If you want a place to start, read Acts 17:24-26 and then ask God to engineer Jordan Peterson’s life in such a way that he finds the answers to his questions from the people he meets and situations he finds himself in. God is a master architect and a brilliant general.  Looking back on my life, I can clearly see how carefully he led me to know things about him, and then to know him. We just have to ask God to do what he does for Jordan Peterson. Asking is free. It might be a good idea to pray for wisdom for Dr. Peterson, as well.

9 thoughts on “Jordan Peterson tweets an article about the minimal facts approach to the resurrection”

  1. I saw his tweet, and noticed his disclaimer that tweeting something doesn’t necessarily mean that he agrees with it, but thought, how helpful to the Gospel it would be if Peterson came to faith in Christ. I’ve been praying that for Lawrence Krauss off and on for a few years. Let’s put him on the prayer list too. In fact, how about we start a prayer movement for God to bring multiple and specific unbelieving popular figures to himself? 🙂

    Liked by 5 people

    1. Amen, Caroline! I suspect that Dr. Peterson is being spiritually drawn. And has been for some time now. It’s been very interesting following his work. I believe that he will find what he’s ultimately seeking.

      Liked by 1 person

  2. Jordan Peterson is brilliant and has a backbone. He has a series going through the Old Testament from a societal and psychological perspective, noting how brilliant the message and design are (very much worth watching on YouTube, maybe 20 hours long in toto; any single two hour presentation is worth the time).
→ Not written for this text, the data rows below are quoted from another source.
lemma positive_join:
  assumes "finite S" "S \<noteq> {}" "S \<subseteq> P"
  shows "\<exists>L\<in>P. (\<forall>s\<in>S. s \<preceq> L) \<and> (\<forall>z\<in>P. (\<forall>s\<in>S. s \<preceq> z) \<longrightarrow> L \<preceq> z)"
  using assms
proof (induction S rule: finite_ne_induct)
  case (singleton x)
  have "x \<preceq> x" using singleton positive_carrier one_positive unfolding prefix_le_def by simp
  thus ?case using singleton by auto
next
  case (insert x S)
  then obtain L where L: "L \<in> P" "\<forall>s\<in>S. s \<preceq> L" "\<forall>z\<in>P. (\<forall>s\<in>S. s \<preceq> z) \<longrightarrow> L \<preceq> z"
    by auto
  have x: "x \<in> P" using insert.prems by simp
  have lattice: "lattice_on P (left_div G P)"
    using garside unfolding garside_group_def by blast
  obtain j where "j \<in> P" "left_div G P x j" "left_div G P L j"
    "\<forall>z\<in>P. left_div G P x z \<and> left_div G P L z \<longrightarrow> left_div G P j z"
    using bspec[OF bspec[OF lattice[unfolded lattice_on_def] x] L(1)] by blast
  hence j: "j \<in> P" "x \<preceq> j" "L \<preceq> j" "\<And>z. z \<in> P \<Longrightarrow> x \<preceq> z \<Longrightarrow> L \<preceq> z \<Longrightarrow> j \<preceq> z"
    using x L(1) unfolding left_div_iff_prefix_le by auto
  have "\<forall>s\<in>insert x S. s \<preceq> j" using j(2,3) L(2) prefix_le_trans by blast
  moreover have "j \<preceq> z" if "z \<in> P" "\<forall>s\<in>insert x S. s \<preceq> z" for z
    using that j(4) L(3) by simp
  ultimately show ?case using j(1) by blast
qed

text \<open>Least upper bounds of finite nonempty sets: shift the set into \<open>P\<close> by a power
  of \<open>D\<close>, take the join there, and shift back.\<close>

lemma prefix_lub_exists:
  assumes S: "finite S" "S \<noteq> {}" "S \<subseteq> carrier G" shows "\<exists>J. prefix_lub S J"
proof -
  obtain M :: nat where M: "\<forall>x\<in>S. D [^] M \<otimes> x \<in> P"
    using Delta_pow_mult_positive_finite S by blast
  let ?w = "D [^] M"
  have w: "?w \<in> carrier G" by simp
  obtain L where L: "L \<in> P" "\<forall>s\<in>S. ?w \<otimes> s \<preceq> L" "\<forall>z\<in>P. (\<forall>s\<in>S. ?w \<otimes> s \<preceq> z) \<longrightarrow> L \<preceq> z"
    using positive_join[of "(\<otimes>) ?w ` S"] S M by auto
  have carrL: "L \<in> carrier G" using L(1) positive_carrier by blast
  have "prefix_lub S (inv ?w \<otimes> L)"
    unfolding prefix_lub_def
  proof (intro conjI ballI impI)
    show "inv ?w \<otimes> L \<in> carrier G" using carrL by simp
  next
    fix s assume "s \<in> S"
    thus "s \<preceq> inv ?w \<otimes> L" using L(2) S(3) carrL prefix_le_shift[OF w] by blast
  next
    fix z assume z: "z \<in> carrier G" "\<forall>s\<in>S. s \<preceq> z"
    obtain s where s: "s \<in> S" "s \<in> carrier G" using S(2,3) by blast
    have "?w \<otimes> z = (?w \<otimes> s) \<otimes> (inv s \<otimes> z)" using s z by (simp add: m_assoc)
    hence "?w \<otimes> z \<in> P" using M s z mult_positive unfolding prefix_le_def by simp
    moreover have "\<forall>s\<in>S. ?w \<otimes> s \<preceq> ?w \<otimes> z" using z S(3) prefix_le_left_mult[OF w] by auto
    ultimately have "L \<preceq> ?w \<otimes> z" using L(3) by blast
    thus "inv ?w \<otimes> L \<preceq> z" using z carrL prefix_le_shift[of "inv ?w" L z] by simp
  qed
  thus ?thesis by blast
qed

lemma prefix_lub_twist:
  assumes lub: "prefix_lub S J" and S: "S \<subseteq> carrier G" and y: "y \<in> carrier G"
  shows "prefix_lub ((\<lambda>z. y \<otimes> z \<otimes> D [^] (c::int)) ` S) (y \<otimes> J \<otimes> D [^] c)"
proof -
  let ?\<phi> = "\<lambda>z. y \<otimes> z \<otimes> D [^] c"
  have mono: "?\<phi> u \<preceq> ?\<phi> v \<longleftrightarrow> u \<preceq> v" if "u \<in> carrier G" "v \<in> carrier G" for u v
    using that y prefix_le_right_Delta_pow prefix_le_left_mult by simp
  have inverse: "?\<phi> (inv y \<otimes> z \<otimes> D [^] (-c)) = z" if "z \<in> carrier G" for z
    using that y by (simp add: m_assoc int_pow_neg)
  have J: "J \<in> carrier G" using lub unfolding prefix_lub_def by blast
  show ?thesis
    unfolding prefix_lub_def
  proof (intro conjI ballI impI)
    show "?\<phi> J \<in> carrier G" using J y by simp
  next
    fix t assume "t \<in> ?\<phi> ` S"
    thus "t \<preceq> ?\<phi> J" using lub S J mono unfolding prefix_lub_def by auto
  next
    fix z assume z: "z \<in> carrier G" "\<forall>t\<in>?\<phi> ` S. t \<preceq> z"
    let ?z' = "inv y \<otimes> z \<otimes> D [^] (-c)"
    have z': "?z' \<in> carrier G" using z y by simp
    have "\<forall>s\<in>S. s \<preceq> ?z'" using z mono[OF _ z'] inverse S by auto
    hence "J \<preceq> ?z'" using lub z' unfolding prefix_lub_def by blast
    thus "?\<phi> J \<preceq> z" using mono[OF J z'] inverse[OF z(1)] by simp
  qed
qed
    He does so with an evolution bent, so loses it there, but an interesting view on how evolutionists are addressing the issue of morality in societies.

    Liked by 1 person

  3. Jordan Peterson is my favorite non/post Christian. The man clearly cares about people’s well being especially the issues men face in the onslaught of political correctness and so-called toxic masculinity. I’ve watched dozens of his videos on YouTube. I will pray he come to a saving knowledge of Jesus. I also hope he runs for prime minister for Canada against Trudeau. Canada needs a leader like Dr. Peterson.

    Liked by 3 people

    1. I agree, Canada needs a leader like Dr. Peterson. However, I seriously doubt that he would quit what he’s doing now to get tied down into the political rat-race/combat with postmodernist leftists.

      Liked by 2 people

  4. From the Peterson videos I’ve viewed over the past 20+ months and a few media articles on him I get the impression that he is very smart and articulate, thinks on his feet, is primarily a clinical psychologist, a great admirer of Carl Jung, Nietzsche, Dostoyevsky, etc. Peterson is an outspoken defender of objective truth and morality (against postmodernism), personal responsibility, religion (especially archetypes), neo-Darwinian evolution (an unquestioned given), free speech (against SJWs and political correctness), etc. As to his personal worldview he seems to be most heavily influenced by the liberal Christian perspectives of the United Church of Canada, especially its 1960s New Curriculum that he was taught in his youth. That may be the root of his reluctance to embrace clear biblical Christian perspectives on God, the Bible, and Christ, especially Christ’s resurrection. I wish Peterson would engage further with biblical Christian philosopher William Lane Craig with whom Peterson shared in a U of Toronto panel Jan 26, 2018.
    Let’s all pray for him and his millions of followers round our globe.

    Liked by 3 people

  5. Dr. Peterson is a Jungian advocate,so he colors his perception of Christianity with Jung’s occult leanings. I pray that the Holy Spirit open his eyes to the truth and he fully embrace Christianity without the influence of Jung or evolution.